__TASK DESCRIPTION__
Each entry has to be printed again exactly.
***** ENTRIES SUPPLIED *****
lemma card_of_big_fiber:
  assumes "infinite B" "|R| \<le>o |B|" "|B| <o |A|" "f ` A \<subseteq> R"
  shows "\<exists>p\<in>R. |B| <o |{i\<in>A. f i = p}|"
proof (rule ccontr)
  assume "\<not> (\<exists>p\<in>R. |B| <o |{i\<in>A. f i = p}| )"
  then have "\<forall>p\<in>R. |{i\<in>A. f i = p}| \<le>o |B|"
    using not_card_of_ordLess by auto
  then have "|\<Union>p\<in>R. {i\<in>A. f i = p}| \<le>o |B|"
    by (rule card_of_UNION_ordLeq_infinite[OF assms(1,2)])
  moreover have "(\<Union>p\<in>R. {i\<in>A. f i = p}) = A"
    using assms(4) by blast
  ultimately show False
    using assms(3) not_ordLess_ordLeq by auto
qed

lemma card_of_disjoint_family_meeting:
  assumes "disjoint_family_on E V"
  shows "|{v\<in>V. E v \<inter> S \<noteq> {}}| \<le>o |S|"
proof -
  define h where "h v = (SOME t. t \<in> E v \<inter> S)" for v
  have h: "h v \<in> E v \<inter> S" if "v \<in> V" "E v \<inter> S \<noteq> {}" for v
    unfolding h_def by (rule someI_ex) (use that in blast)
  have "inj_on h {v\<in>V. E v \<inter> S \<noteq> {}}"
  proof (rule inj_onI)
    fix v w assume v: "v \<in> {v\<in>V. E v \<inter> S \<noteq> {}}" and w: "w \<in> {v\<in>V. E v \<inter> S \<noteq> {}}"
      and "h v = h w"
    then have "h v \<in> E v \<inter> E w"
      using h[of v] h[of w] by auto
    then have "E v \<inter> E w \<noteq> {}"
      by blast
    with v w assms show "v = w"
      unfolding disjoint_family_on_def by blast
  qed
  moreover have "h ` {v\<in>V. E v \<inter> S \<noteq> {}} \<subseteq> S"
    using h by auto
  ultimately show ?thesis
    unfolding card_of_ordLeq[symmetric] by blast
qed

lemma card_of_disjoint_family_avoiding:
  assumes "infinite B" "|U| \<le>o |B|" "|B| <o |I|" "disjoint_family_on x I"
  shows "|B| <o |{i\<in>I. x i \<inter> U = {}}|"
proof (rule ccontr)
  assume "\<not> |B| <o |{i\<in>I. x i \<inter> U = {}}|"
  then have avoiding: "|{i\<in>I. x i \<inter> U = {}}| \<le>o |B|"
    using not_card_of_ordLess by auto
  have meeting: "|{i\<in>I. x i \<inter> U \<noteq> {}}| \<le>o |B|"
    using ordLeq_transitive[OF card_of_disjoint_family_meeting[OF assms(4)] assms(2)] .
  have "infinite (Field |B| )"
    using assms(1) by (simp add: Field_card_of)
  from card_of_Un_ordLeq_infinite_Field[OF this avoiding meeting card_of_Card_order]
  have "|{i\<in>I. x i \<inter> U = {}} \<union> {i\<in>I. x i \<inter> U \<noteq> {}}| \<le>o |B|" .
  moreover have "{i\<in>I. x i \<inter> U = {}} \<union> {i\<in>I. x i \<inter> U \<noteq> {}} = I"
    by blast
  ultimately have "|I| \<le>o |B|"
    by simp
  with not_ordLess_ordLeq[OF assms(3)] show False
    by contradiction
qed

lemma exists_index_above:
  fixes K :: "'k set" and V :: "'v set"
  assumes "infinite K" "|K| \<le>o |V|" "\<And>v. v \<in> V \<Longrightarrow> E v \<subseteq> K" "disjoint_family_on E V" "g \<in> K"
  obtains v where "v \<in> V" "\<And>\<alpha>. \<alpha> \<in> E v \<Longrightarrow> (g, \<alpha>) \<in> |K|"
proof -
  have "|{v\<in>V. E v \<inter> under (card_of K) g \<noteq> {}}| <o |K|"
    using ordLeq_ordLess_trans[OF card_of_disjoint_family_meeting[OF assms(4)]
        card_of_under_ordLess[OF assms(1,5)]] .
  then have "\<not> V \<subseteq> {v\<in>V. E v \<inter> under (card_of K) g \<noteq> {}}"
    using ordLeq_ordLess_trans[OF assms(2) ordLeq_ordLess_trans[OF card_of_mono1]]
      ordLess_irreflexive by blast
  then obtain v where v: "v \<in> V" "E v \<inter> under (card_of K) g = {}"
    by blast
  have "(g, \<alpha>) \<in> |K|" if "\<alpha> \<in> E v" for \<alpha>
    using v assms(3)[OF v(1)] that card_of_total[OF assms(5), of \<alpha>] unfolding under_def by blast
  with v(1) show thesis
    using that by blast
qed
*****
__RESPONSE BELOW__
lemma card_of_big_fiber:
  assumes "infinite B" "|R| \<le>o |B|" "|B| <o |A|" "f ` A \<subseteq> R"
  shows "\<exists>p\<in>R. |B| <o |{i\<in>A. f i = p}|"
proof (rule ccontr)
  assume "\<not> (\<exists>p\<in>R. |B| <o |{i\<in>A. f i = p}| )"
  then have "\<forall>p\<in>R. |{i\<in>A. f i = p}| \<le>o |B|"
    using not_card_of_ordLess by auto
  then have "|\<Union>p\<in>R. {i\<in>A. f i = p}| \<le>o |B|"
    by (rule card_of_UNION_ordLeq_infinite[OF assms(1,2)])
  moreover have "(\<Union>p\<in>R. {i\<in>A. f i = p}) = A"
    using assms(4) by blast
  ultimately show False
    using assms(3) not_ordLess_ordLeq by auto
qed

lemma card_of_disjoint_family_meeting:
  assumes "disjoint_family_on E V"
  shows "|{v\<in>V. E v \<inter> S \<noteq> {}}| \<le>o |S|"
proof -
  define h where "h v = (SOME t. t \<in> E v \<inter> S)" for v
  have h: "h v \<in> E v \<inter> S" if "v \<in> V" "E v \<inter> S \<noteq> {}" for v
    unfolding h_def by (rule someI_ex) (use that in blast)
  have "inj_on h {v\<in>V. E v \<inter> S \<noteq> {}}"
  proof (rule inj_onI)
    fix v w assume v: "v \<in> {v\<in>V. E v \<inter> S \<noteq> {}}" and w: "w \<in> {v\<in>V. E v \<inter> S \<noteq> {}}"
      and "h v = h w"
    then have "h v \<in> E v \<inter> E w"
      using h[of v] h[of w] by auto
    then have "E v \<inter> E w \<noteq> {}"
      by blast
    with v w assms show "v = w"
      unfolding disjoint_family_on_def by blast
  qed
  moreover have "h ` {v\<in>V. E v \<inter> S \<noteq> {}} \<subseteq> S"
    using h by auto
  ultimately show ?thesis
    unfolding card_of_ordLeq[symmetric] by blast
qed

lemma card_of_disjoint_family_avoiding:
  assumes "infinite B" "|U| \<le>o |B|" "|B| <o |I|" "disjoint_family_on x I"
  shows "|B| <o |{i\<in>I. x i \<inter> U = {}}|"
proof (rule ccontr)
  assume "\<not> |B| <o |{i\<in>I. x i \<inter> U = {}}|"
  then have avoiding: "|{i\<in>I. x i \<inter> U = {}}| \<le>o |B|"
    using not_card_of_ordLess by auto
  have meeting: "|{i\<in>I. x i \<inter> U \<noteq> {}}| \<le>o |B|"
    using ordLeq_transitive[OF card_of_disjoint_family_meeting[OF assms(4)] assms(2)] .
  have "infinite (Field |B| )"
    using assms(1) by (simp add: Field_card_of)
  from card_of_Un_ordLeq_infinite_Field[OF this avoiding meeting card_of_Card_order]
  have "|{i\<in>I. x i \<inter> U = {}} \<union> {i\<in>I. x i \<inter> U \<noteq> {}}| \<le>o |B|" .
  moreover have "{i\<in>I. x i \<inter> U = {}} \<union> {i\<in>I. x i \<inter> U \<noteq> {}} = I"
    by blast
  ultimately have "|I| \<le>o |B|"
    by simp
  with not_ordLess_ordLeq[OF assms(3)] show False
    by contradiction
qed

lemma exists_index_above:
  fixes K :: "'k set" and V :: "'v set"
  assumes "infinite K" "|K| \<le>o |V|" "\<And>v. v \<in> V \<Longrightarrow> E v \<subseteq> K" "disjoint_family_on E V" "g \<in> K"
  obtains v where "v \<in> V" "\<And>\<alpha>. \<alpha> \<in> E v \<Longrightarrow> (g, \<alpha>) \<in> |K|"
proof -
  have "|{v\<in>V. E v \<inter> under (card_of K) g \<noteq> {}}| <o |K|"
    using ordLeq_ordLess_trans[OF card_of_disjoint_family_meeting[OF assms(4)]
        card_of_under_ordLess[OF assms(1,5)]] .
  then have "\<not> V \<subseteq> {v\<in>V. E v \<inter> under (card_of K) g \<noteq> {}}"
    using ordLeq_ordLess_trans[OF assms(2) ordLeq_ordLess_trans[OF card_of_mono1]]
      ordLess_irreflexive by blast
  then obtain v where v: "v \<in> V" "E v \<inter> under (card_of K) g = {}"
    by blast
  have "(g, \<alpha>) \<in> |K|" if "\<alpha> \<in> E v" for \<alpha>
    using v assms(3)[OF v(1)] that card_of_total[OF assms(5), of \<alpha>] unfolding under_def by blast
  with v(1) show thesis
    using that by blast
qed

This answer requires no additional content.